Dit was voor niet-christenen een wonderlijke zaak. Een strikt menselijke persoon wordt niet aanbeden noch binnen het Jodendom noch binnen de (pas later ontstane) islam.
Niet-christenen stelden vragen aangaande dit spreken over God als Vader, Zoon en Heilige Geest en aangaande het aanbidden van Jezus. Een bekende joodse schrijver die hieromtrent vragen had was Tryphon (2e eeuw na Christus).
In deze context waren de christelijke theologen genoodzaakt zich te verdedigen.
Zo kwam het trinitarisch vraagstuk op de agenda te staan. Hoe moest God worden gezien? Is God één of is God drie?
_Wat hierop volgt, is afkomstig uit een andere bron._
lemma holomorphic_on_suminf_alt_diff_term:
  assumes q: "q > 0"
  shows "(\<lambda>z. suminf (alt_diff_term K q z)) holomorphic_on {z. Re z > 1 - real K}"
proof -
  let ?S = "{z. Re z > 1 - real K}"
  have "open ?S"
    by (simp add: open_halfspace_Re_gt)
  have "(\<lambda>z. alt_diff_term K q z n) holomorphic_on UNIV" for n
    unfolding alt_diff_term_def by (intro holomorphic_intros holomorphic_on_fdiff_powr)
  then have deriv: "((\<lambda>z. alt_diff_term K q z n) has_field_derivative deriv (\<lambda>z. alt_diff_term K q z n) x) (at x)" for n x
    by (rule holomorphic_derivI) auto
  have "\<exists>d (h :: nat \<Rightarrow> complex). 0 < d \<and> summable h \<and> range h \<subseteq> \<real>\<^sub>\<ge>\<^sub>0 \<and>
      (\<forall>\<^sub>F n in sequentially. \<forall>y\<in>ball x d \<inter> ?S. norm (alt_diff_term K q y n) \<le> norm (h n))"
    if "x \<in> ?S" for x
  proof -
    have "Re x > 1 - real K"
      using that by simp
    then obtain d h where "d > 0" "summable h" "\<And>n. 0 \<le> h n"
      and bound: "\<And>n y. n \<ge> 1 \<Longrightarrow> y \<in> ball x d \<Longrightarrow> norm (alt_diff_term K q y n) \<le> h n"
      using alt_diff_term_bound_on_ball[OF q] by metis
    show ?thesis
    proof (intro exI conjI)
      show "0 < d" by fact
      show "summable (\<lambda>n. complex_of_real (h n))"
        using \<open>summable h\<close> by (simp add: summable_of_real_iff)
      show "range (\<lambda>n. complex_of_real (h n)) \<subseteq> \<real>\<^sub>\<ge>\<^sub>0"
        using \<open>\<And>n. 0 \<le> h n\<close> by (auto simp: nonneg_Reals_def)
      show "\<forall>\<^sub>F n in sequentially. \<forall>y\<in>ball x d \<inter> ?S. norm (alt_diff_term K q y n) \<le> norm (complex_of_real (h n))"
      proof (intro eventually_sequentiallyI[of 1] ballI)
        fix n :: nat and y assume "n \<ge> 1" and "y \<in> ball x d \<inter> ?S"
        then show "norm (alt_diff_term K q y n) \<le> norm (complex_of_real (h n))"
          using bound[of n y] \<open>0 \<le> h n\<close> by simp
      qed
    qed
  qed
  from series_and_derivative_comparison_complex[OF \<open>open ?S\<close> deriv this]
  obtain g g' where g: "\<And>x. x \<in> ?S \<Longrightarrow> alt_diff_term K q x sums g x \<and> (g has_field_derivative g' x) (at x)"
    by blast
  then have "g holomorphic_on ?S"
    using \<open>open ?S\<close> by (subst holomorphic_on_open) auto
  then show ?thesis
    by (rule holomorphic_transform) (use g sums_unique in auto)
qed

lemma holomorphic_on_euler_sum:
  assumes "q > 0"
  shows "euler_sum K q holomorphic_on {z. Re z > 1 - real K}"
  unfolding euler_sum_def[abs_def]
  by (intro holomorphic_intros holomorphic_on_suminf_alt_diff_term[OF assms] holomorphic_on_fdiff_powr) auto

definition zetaE_continuation :: "real \<Rightarrow> complex \<Rightarrow> complex" where
  "zetaE_continuation q z = euler_sum (nat \<lceil>1 - Re z\<rceil> + 1) q z"

lemma zetaE_continuation_eq_euler_sum:
  assumes q: "q > 0" and z: "Re z > 1 - real K"
  shows "zetaE_continuation q z = euler_sum K q z"
proof -
  define K0 where "K0 = nat \<lceil>1 - Re z\<rceil> + 1"
  have z0: "Re z > 1 - real K0"
    unfolding K0_def by linarith
  have "euler_sum (max K K0) q z = euler_sum K q z"
    using euler_sum_eq_of_le[OF summable_alt_diff_term[OF q z], of "max K K0"] by simp
  moreover have "euler_sum (max K K0) q z = euler_sum K0 q z"
    using euler_sum_eq_of_le[OF summable_alt_diff_term[OF q z0], of "max K K0"] by simp
  ultimately show ?thesis
    by (simp add: zetaE_continuation_def K0_def)
qed

lemma holomorphic_zetaE_continuation:
  assumes q: "q > 0"
  shows "zetaE_continuation q holomorphic_on UNIV"
proof -
  have "zetaE_continuation q field_differentiable (at z)" for z
  proof -
    define K where "K = nat \<lceil>1 - Re z\<rceil> + 1"
    have "zetaE_continuation q holomorphic_on {z. Re z > 1 - real K}"
      by (rule holomorphic_transform[OF holomorphic_on_euler_sum[OF q]])
         (use zetaE_continuation_eq_euler_sum[OF q] in auto)
    moreover have "z \<in> {z. Re z > 1 - real K}"
      unfolding K_def by simp linarith
    ultimately show ?thesis
      by (intro holomorphic_on_imp_differentiable_at) (auto simp: open_halfspace_Re_gt)
  qed
  then show ?thesis
    by (auto simp: holomorphic_on_def field_differentiable_at_within)
qed

lemma zetaE_continuation_sums:
  assumes q: "q > 0" and w: "Re w > 0"
  shows "(\<lambda>n. (-1) ^ n / (complex_of_real (real n + q)) powr w) sums zetaE_continuation q w"
proof -
  define b where "b n = fdiff_powr 0 q (-w) (of_nat n)" for n
  have "b \<longlonglongrightarrow> 0"
    unfolding b_def using fdiff_powr_tendsto_0[OF q, where K = 0 and z = w] w by simp
  moreover have "alt_diff_term 1 q w sums suminf (alt_diff_term 1 q w)"
    using summable_alt_diff_term[OF q, where K = 1 and z = w] w by (simp add: summable_sums)
  then have "(\<lambda>n. (-1)^n * (b n - b (Suc n))) sums suminf (alt_diff_term 1 q w)"
    by (simp add: alt_diff_term_Suc b_def)
  ultimately have "(\<lambda>n. (-1)^n * b n) sums ((suminf (alt_diff_term 1 q w) + b 0) / 2)"
    by (rule sums_alt_of_sums_alt_diff)
  moreover have "zetaE_continuation q w = (suminf (alt_diff_term 1 q w) + b 0) / 2"
    using zetaE_continuation_eq_euler_sum[OF q, where K = 1 and z = w] w by (simp add: euler_sum_def b_def)
  moreover have "(\<lambda>n. (-1)^n * b n) = (\<lambda>n. (-1) ^ n / (complex_of_real (real n + q)) powr w)"
    by (simp add: b_def powr_minus_divide fun_eq_iff)
  ultimately show ?thesis
    by (simp only:)
qed

lemma zetaE_eq_continuation:
  assumes q: "q > 0"
  shows "zetaE z q = zetaE_continuation q z"
proof -
  let ?P = "\<lambda>f. f holomorphic_on UNIV \<and> (\<forall>w. Re w > 0 \<longrightarrow>
         (\<lambda>n. (-1) ^ n / (complex_of_real (real n + q)) powr w) sums f w)"
  have "g = zetaE_continuation q" if "?P g" for g
  proof
    fix x
    show "g x = zetaE_continuation q x"
    proof (rule analytic_continuation_open[of "{w. Re w > 0}" UNIV g "zetaE_continuation q"])
      show "open {w. Re w > 0}"
        by (simp add: open_halfspace_Re_gt)
      show "{w. Re w > 0} \<noteq> {}"
        by (auto intro: exI[of _ 1])
      show "g w = zetaE_continuation q w" if "w \<in> {w. Re w > 0}" for w
        using that \<open>?P g\<close> zetaE_continuation_sums[OF q] by (auto intro: sums_unique2)
      show "g holomorphic_on UNIV"
        using \<open>?P g\<close> by blast
    qed (use holomorphic_zetaE_continuation[OF q] in auto)
  qed
  moreover have "?P (zetaE_continuation q)"
    using holomorphic_zetaE_continuation[OF q] zetaE_continuation_sums[OF q] by blast
  ultimately have "(THE f. ?P f) = zetaE_continuation q"
    by (intro the_equality)
  then show ?thesis
    unfolding zetaE_def by simp
qed

lemma zetaE_eq_euler_sum:
  assumes "q > 0" and "Re z > 1 - real K"
  shows "zetaE z q = euler_sum K q z"
  using zetaE_eq_continuation[OF assms(1)] zetaE_continuation_eq_euler_sum[OF assms] by simp

definition euler_integrand :: "real \<Rightarrow> complex \<Rightarrow> real \<Rightarrow> complex" where
  "euler_integrand q z t = complex_of_real (E0bar (-t)) / complex_of_real (t + q) powr (z + 1)"

definition cell_integral :: "real \<Rightarrow> complex \<Rightarrow> nat \<Rightarrow> complex" where
  "cell_integral q z n = integral {real n..real n + 1} (\<lambda>t. complex_of_real (t + q) powr (-z - 1))"

lemma E0bar_minus_on_cell:
  assumes "real n < t" "t < real n + 1"
  shows "E0bar (-t) = -((-1)^n)"
proof -
  have "\<lfloor>-t\<rfloor> = - int n - 1"
    using assms by (subst floor_eq_iff) auto
  then show ?thesis
    by (cases "even n") (simp_all add: E0bar_def)
qed

lemma euler_integrand_eq:
  "euler_integrand q z t = complex_of_real (E0bar (-t)) * complex_of_real (t + q) powr (-z - 1)"
proof -
  have "-z - 1 = -(z + 1)"
    by simp
  then show ?thesis
    unfolding euler_integrand_def by (simp only: powr_minus_divide) simp
qed

lemma norm_euler_integrand:
  "norm (euler_integrand q z t) = norm (complex_of_real (t + q) powr (-z - 1))"
  by (simp add: euler_integrand_eq norm_mult E0bar_def)

lemma has_vector_derivative_powr_shift:
  assumes "t > -q"
  shows "((\<lambda>t. complex_of_real (t + q) powr s) has_vector_derivative
           s * complex_of_real (t + q) powr (s - 1)) (at t within S)"
proof -
  have "Re (complex_of_real t) > -q"
    using assms by simp
  from has_vector_derivative_real_field[OF fdiff_powr_has_field_derivative[OF this, of 0 s]]
  show ?thesis
    by (simp add: has_vector_derivative_at_within)
qed

lemma integrable_powr_shift:
  assumes "a > -q"
  shows "(\<lambda>t. complex_of_real (t + q) powr s) integrable_on {a..b}"
proof (rule integrable_continuous_interval)
  show "continuous_on {a..b} (\<lambda>t. complex_of_real (t + q) powr s)"
    by (rule continuous_on_vector_derivative[OF has_vector_derivative_powr_shift]) (use assms in auto)
qed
En hoe zit dat met de eerbewijzen aan Jezus als de Zoon (Christus)? Met andere woorden wilde men het christendom behouden als monotheïstische godsdienst (Jezus zelf dacht uitgesproken monotheïstisch) en tevens vasthouden aan het goddelijk eerbewijs aan Jezus en aan de Heilige Geest dan moest onontkoombaar antwoord gegeven worden op de vragen rond de triniteit. De drie-eenheid (of triniteit) van God is daarom een belangrijk thema in het christendom.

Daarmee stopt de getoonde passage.